Monday, June 30, 2014

The Things We Leave Behind

Yesterday, I went junkin' to get out of the house.  I usually really enjoy it.  I've been feeling pooish the last three or four days, apparently the run up to a migraine that woke me up early this morning, and so maybe that's the reason I looked at everything differently yesterday.

I browsed as I usually did, but I kept being struck by the little things, the cut glass knickknacks, the chalk wall plaque of the smiling bird, the assorted rolling pins casually lying in a Pyrex bowl, the rhinestone brooches, and the tattered toy biplane hanging from the ceiling.  All those things had belonged to someone else.  At some point, presumably, all those things were valued by someone else.  Now, they were piled haphazardly into the various booths of the flea market, priced with a small sticker or tag, and waiting on usefulness to come again.
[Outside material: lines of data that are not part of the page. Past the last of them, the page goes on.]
(* If $\Gamma$ is a neat subgroup of $\Phi$, then $\Gamma_X$ acts trivially on $X$, i.e. every element of $\Gamma_X$ fixes $X$ pointwise ($\Gamma'_X=\Gamma_X$).
   Context: $\mathbb K$ is a totally real number field with real embeddings $\lambda_1,\dots,\lambda_r$; $\underline V$ a $\mathbb K$-vector space with nondegenerate symmetric bilinear form of signature $(p,q)$ at $\lambda_1$ and positive definite at all other embeddings; $L\subset\underline V$ an integral lattice; $\Phi$ the group of $\mathbb K$-rational isometries of determinant one preserving $L$. An element $g$ is neat if the subgroup of $\mathbb C^*$ generated by its eigenvalues is torsion free; a subgroup is neat if all its elements are. $\underline X\subset\underline V$ is a $\mathbb K$-subspace such that $(\,,\,)$ restricted to the completion $X$ of $\underline X$ at $\lambda_1$ is positive definite (and $\underline X$ is nondegenerate at every place); $\Gamma_X$ is the stabilizer of $X$ in $\Gamma$ and $\Gamma'_X$ the subgroup acting trivially on $X$. *)

theory Defs
  imports "HOL-Computational_Algebra.Polynomial" "Jordan_Normal_Form.Char_Poly"
begin

section \<open>Totally real number fields (embedded in the reals via the distinguished embedding)\<close>

definition subfield_real :: "real set \<Rightarrow> bool" where
  "subfield_real K \<longleftrightarrow> 0 \<in> K \<and> 1 \<in> K \<and>
     (\<forall>x\<in>K. \<forall>y\<in>K. x + y \<in> K \<and> x - y \<in> K \<and> x * y \<in> K) \<and>
     (\<forall>x\<in>K. x \<noteq> 0 \<longrightarrow> inverse x \<in> K)"

definition number_field_real :: "real set \<Rightarrow> bool" where
  "number_field_real K \<longleftrightarrow> subfield_real K \<and>
     (\<exists>(d::nat) (b::nat \<Rightarrow> real). (\<forall>i<d. b i \<in> K) \<and>
        (\<forall>x\<in>K. \<exists>c. (\<forall>i<d. c i \<in> \<rat>) \<and> x = (\<Sum>i<d. c i * b i)))"

definition field_embedding :: "real set \<Rightarrow> (real \<Rightarrow> complex) \<Rightarrow> bool" where
  "field_embedding K \<sigma> \<longleftrightarrow> \<sigma> 1 = 1 \<and>
     (\<forall>x\<in>K. \<forall>y\<in>K. \<sigma> (x + y) = \<sigma> x + \<sigma> y \<and> \<sigma> (x * y) = \<sigma> x * \<sigma> y)"

definition totally_real :: "real set \<Rightarrow> bool" where
  "totally_real K \<longleftrightarrow> number_field_real K \<and>
     (\<forall>\<sigma>. field_embedding K \<sigma> \<longrightarrow> (\<forall>x\<in>K. \<sigma> x \<in> \<real>))"

text \<open>Real embeddings K \<rightarrow> R; the distinguished one (lambda_1) is the inclusion.\<close>
definition real_embedding :: "real set \<Rightarrow> (real \<Rightarrow> real) \<Rightarrow> bool" where
  "real_embedding K \<sigma> \<longleftrightarrow> field_embedding K (\<lambda>x. complex_of_real (\<sigma> x))"

definition ring_of_integers :: "real set \<Rightarrow> real set" where
  "ring_of_integers K = {x \<in> K. algebraic_int x}"

definition Kvecs :: "real set \<Rightarrow> nat \<Rightarrow> real vec set" where
  "Kvecs K n = {v \<in> carrier_vec n. \<forall>i<n. v $ i \<in> K}"

definition bil :: "real mat \<Rightarrow> real vec \<Rightarrow> real vec \<Rightarrow> real" where
  "bil B x y = x \<bullet> (B *\<^sub>v y)"

definition lincomb_vec :: "nat \<Rightarrow> nat \<Rightarrow> (nat \<Rightarrow> real) \<Rightarrow> (nat \<Rightarrow> real vec) \<Rightarrow> real vec" where
  "lincomb_vec n m c xs = vec n (\<lambda>i. \<Sum>j<m. c j * (xs j $ i))"

definition span_with :: "real set \<Rightarrow> nat \<Rightarrow> real vec set \<Rightarrow> real vec set" where
  "span_with S n A = {lincomb_vec n m c xs | m c xs.
      (\<forall>j<m. c j \<in> S) \<and> (\<forall>j<m. xs j \<in> A)}"

definition admissible_form :: "real set \<Rightarrow> nat \<Rightarrow> real mat \<Rightarrow> bool" where
  "admissible_form K n B \<longleftrightarrow>
     B \<in> carrier_mat n n \<and> transpose_mat B = B \<and> (\<forall>i<n. \<forall>j<n. B $$ (i,j) \<in> K) \<and>
     \<comment> \<open>nondegenerate (at lambda_1, hence signature (p,q) with p+q=n)\<close>
     (\<forall>x\<in>Kvecs K n. (\<forall>y\<in>Kvecs K n. bil B x y = 0) \<longrightarrow> x = 0\<^sub>v n) \<and>
     \<comment> \<open>positive definite at all other real embeddings\<close>
     (\<forall>\<sigma>. real_embedding K \<sigma> \<and> (\<exists>x\<in>K. \<sigma> x \<noteq> x) \<longrightarrow>
        (\<forall>x\<in>carrier_vec n. x \<noteq> 0\<^sub>v n \<longrightarrow> bil (map_mat \<sigma> B) x x > 0))"

definition integral_lattice :: "real set \<Rightarrow> nat \<Rightarrow> real mat \<Rightarrow> real vec set \<Rightarrow> bool" where
  "integral_lattice K n B L \<longleftrightarrow>
     (\<exists>(m::nat) gs. (\<forall>j<m. gs j \<in> Kvecs K n) \<and>
        L = span_with (ring_of_integers K) n (gs ` {..<m}) \<and>
        Kvecs K n = span_with K n (gs ` {..<m})) \<and>
     (\<forall>x\<in>L. \<forall>y\<in>L. bil B x y \<in> ring_of_integers K)"

definition Phi :: "real set \<Rightarrow> nat \<Rightarrow> real mat \<Rightarrow> real vec set \<Rightarrow> real mat set" where
  "Phi K n B L = {g \<in> carrier_mat n n. (\<forall>i<n. \<forall>j<n. g $$ (i,j) \<in> K) \<and>
       transpose_mat g * B * g = B \<and> det g = 1 \<and> (\<lambda>v. g *\<^sub>v v) ` L = L}"

definition is_subgroup_of :: "nat \<Rightarrow> real mat set \<Rightarrow> real mat set \<Rightarrow> bool" where
  "is_subgroup_of n G H \<longleftrightarrow> G \<subseteq> H \<and> 1\<^sub>m n \<in> G \<and>
     (\<forall>g\<in>G. \<forall>h\<in>G. g * h \<in> G) \<and> (\<forall>g\<in>G. \<exists>h\<in>G. g * h = 1\<^sub>m n)"

definition mult_subgroup_gen :: "complex set \<Rightarrow> complex set" where
  "mult_subgroup_gen S = {prod_list (map (\<lambda>(s,k). s powi k) ks) | ks.
      \<forall>p\<in>set ks. fst p \<in> S}"

definition torsion_free_set :: "complex set \<Rightarrow> bool" where
  "torsion_free_set G \<longleftrightarrow> (\<forall>z\<in>G. \<forall>m::nat. m > 0 \<and> z ^ m = 1 \<longrightarrow> z = 1)"

definition neat_elem :: "real mat \<Rightarrow> bool" where
  "neat_elem g \<longleftrightarrow>
     torsion_free_set (mult_subgroup_gen {k. eigenvalue (map_mat complex_of_real g) k})"

definition neat :: "real mat set \<Rightarrow> bool" where
  "neat G \<longleftrightarrow> (\<forall>g\<in>G. neat_elem g)"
Some of the items moved me more than others.  One booth had a kitchen's worth of cast iron.  The skillets were crusted in rust.  The Dutch oven was, as well.  I picked up a couple of pieces with an eye to finding something to refinish and put back into use, but I couldn't stop thinking about how many meals, how many family moments, those abandoned vessels represented.  I wondered if whomever used them worried over them, kept them shiny and well-greased, enjoyed the heft of them as they took them out of the cabinet the way I do with my own pieces.  It made me sad.
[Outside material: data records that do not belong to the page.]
definition product_system ::
  "(('i::finite \<Rightarrow> nat) \<Rightarrow> 'x::cvector set) \<Rightarrow> ('a::cstar_algebra \<Rightarrow> 'x) \<Rightarrow>
   ('a \<Rightarrow> 'x \<Rightarrow> 'x) \<Rightarrow> ('x \<Rightarrow> 'a \<Rightarrow> 'x) \<Rightarrow> ('x \<Rightarrow> 'x \<Rightarrow> 'a) \<Rightarrow> ('x \<Rightarrow> 'x \<Rightarrow> 'x) \<Rightarrow> bool" where
  "product_system X emb lact ract inner mult \<longleftrightarrow>
     (\<forall>n. correspondence (X n) lact ract inner) \<and>
     \<comment> \<open>X_0 = A, with phi_0 left multiplication\<close>
     bij_betw emb UNIV (X zvec) \<and>
     (\<forall>a b. emb (a + b) = emb a + emb b) \<and>
     (\<forall>a c. emb (c *\<^sub>C a) = c *\<^sub>C emb a) \<and>
     (\<forall>a b. ract (emb a) b = emb (a * b)) \<and>
     (\<forall>a b. inner (emb a) (emb b) = cstar a * b) \<and>
     (\<forall>a b. lact a (emb b) = emb (a * b)) \<and>
     \<comment> \<open>multiplication X_n x X_m \<rightarrow> X_(n+m), associative\<close>
     (\<forall>n m. \<forall>\<xi>\<in>X n. \<forall>\<eta>\<in>X m. mult \<xi> \<eta> \<in> X (\<lambda>i. n i + m i)) \<and>
     (\<forall>n m k. \<forall>\<xi>\<in>X n. \<forall>\<eta>\<in>X m. \<forall>\<zeta>\<in>X k. mult (mult \<xi> \<eta>) \<zeta> = mult \<xi> (mult \<eta> \<zeta>)) \<and>
     \<comment> \<open>given by the module actions when one index is 0\<close>
     (\<forall>m a. \<forall>\<xi>\<in>X m. mult (emb a) \<xi> = lact a \<xi> \<and> mult \<xi> (emb a) = ract \<xi> a) \<and>
     \<comment> \<open>for n, m nonzero: xi (x) eta \<mapsto> xi eta induces a unitary X_n (x)_A X_m \<cong> X_(n+m)\<close>
     (\<forall>n m. n \<noteq> zvec \<and> m \<noteq> zvec \<longrightarrow>
        (\<forall>\<xi>\<in>X n. \<forall>\<xi>'\<in>X n. \<forall>\<eta>\<in>X m. mult (\<xi> + \<xi>') \<eta> = mult \<xi> \<eta> + mult \<xi>' \<eta>) \<and>
        (\<forall>\<xi>\<in>X n. \<forall>\<eta>\<in>X m. \<forall>\<eta>'\<in>X m. mult \<xi> (\<eta> + \<eta>') = mult \<xi> \<eta> + mult \<xi> \<eta>') \<and>
        (\<forall>\<xi>\<in>X n. \<forall>\<eta>\<in>X m. \<forall>c. mult (c *\<^sub>C \<xi>) \<eta> = c *\<^sub>C mult \<xi> \<eta> \<and> mult \<xi> (c *\<^sub>C \<eta>) = c *\<^sub>C mult \<xi> \<eta>) \<and>
        (\<forall>\<xi>\<in>X n. \<forall>\<eta>\<in>X m. \<forall>a. mult (ract \<xi> a) \<eta> = mult \<xi> (lact a \<eta>)) \<and>
        (\<forall>\<xi>\<in>X n. \<forall>\<eta>\<in>X m. \<forall>a. mult \<xi> (ract \<eta> a) = ract (mult \<xi> \<eta>) a) \<and>
        (\<forall>\<xi>\<in>X n. \<forall>\<eta>\<in>X m. \<forall>a. lact a (mult \<xi> \<eta>) = mult (lact a \<xi>) \<eta>) \<and>
        (\<forall>\<xi>\<in>X n. \<forall>\<xi>'\<in>X n. \<forall>\<eta>\<in>X m. \<forall>\<eta>'\<in>X m.
            inner (mult \<xi> \<eta>) (mult \<xi>' \<eta>') = inner \<eta> (lact (inner \<xi> \<xi>') \<eta>')) \<and>
        (\<forall>\<zeta>\<in>X (\<lambda>i. n i + m i). \<forall>\<epsilon>>0. \<exists>ps. set ps \<subseteq> X n \<times> X m \<and>
            xnorm inner (\<zeta> - sum_list (map (\<lambda>(\<xi>, \<eta>). mult \<xi> \<eta>) ps)) < \<epsilon>))"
A young fluffy couple, both of whom were entirely too overly groomed to be junkin' in an unairconditioned building in 95-degree weather, were sweeping up and down the aisles, noses firmly in the air.  The ridiculously preppy man snidely commented to his ridiculously preppy mate that "this place seems like a horror movie."  And even though I didn't agree with the reasons behind his comment, for the first time ever, there was something horrible about one of my favorite places.  Everything around me was something that had been left behind.

I started thinking about my own house, all the things I treasure, my collection of ceramics from Japan, my bits and bobs of jewelry from various trips, my Fiestaware, all those PEZ I've collected, my own cast iron.  What will happen to it when I'm gone?  I have no one to leave it to, no daughter to teach my grandmother's cornbread recipe and skillet with, no son to whom I can give my grandfather's WWII uniform or the knife my other grandfather made from a bayonet and stacked glass circles from the windshield of a downed Italian plane.  Some day, someone will have to come in, slog through, box up, and all my things will wind up in some rag and bone shop, too.  That old saying from Lamentations came to mind, "Vanity of vanities, all is vanity..."

I forced myself to put the thought away.  I found an interesting and amusing pair of old sunglasses, a purple whisky bottle for my bottle trees.  As I walked out to the vehicle with my purchases, though, I looked at the old bathtubs sitting around the edge of the parking area, and it returned with a vengeance.  I had to look away.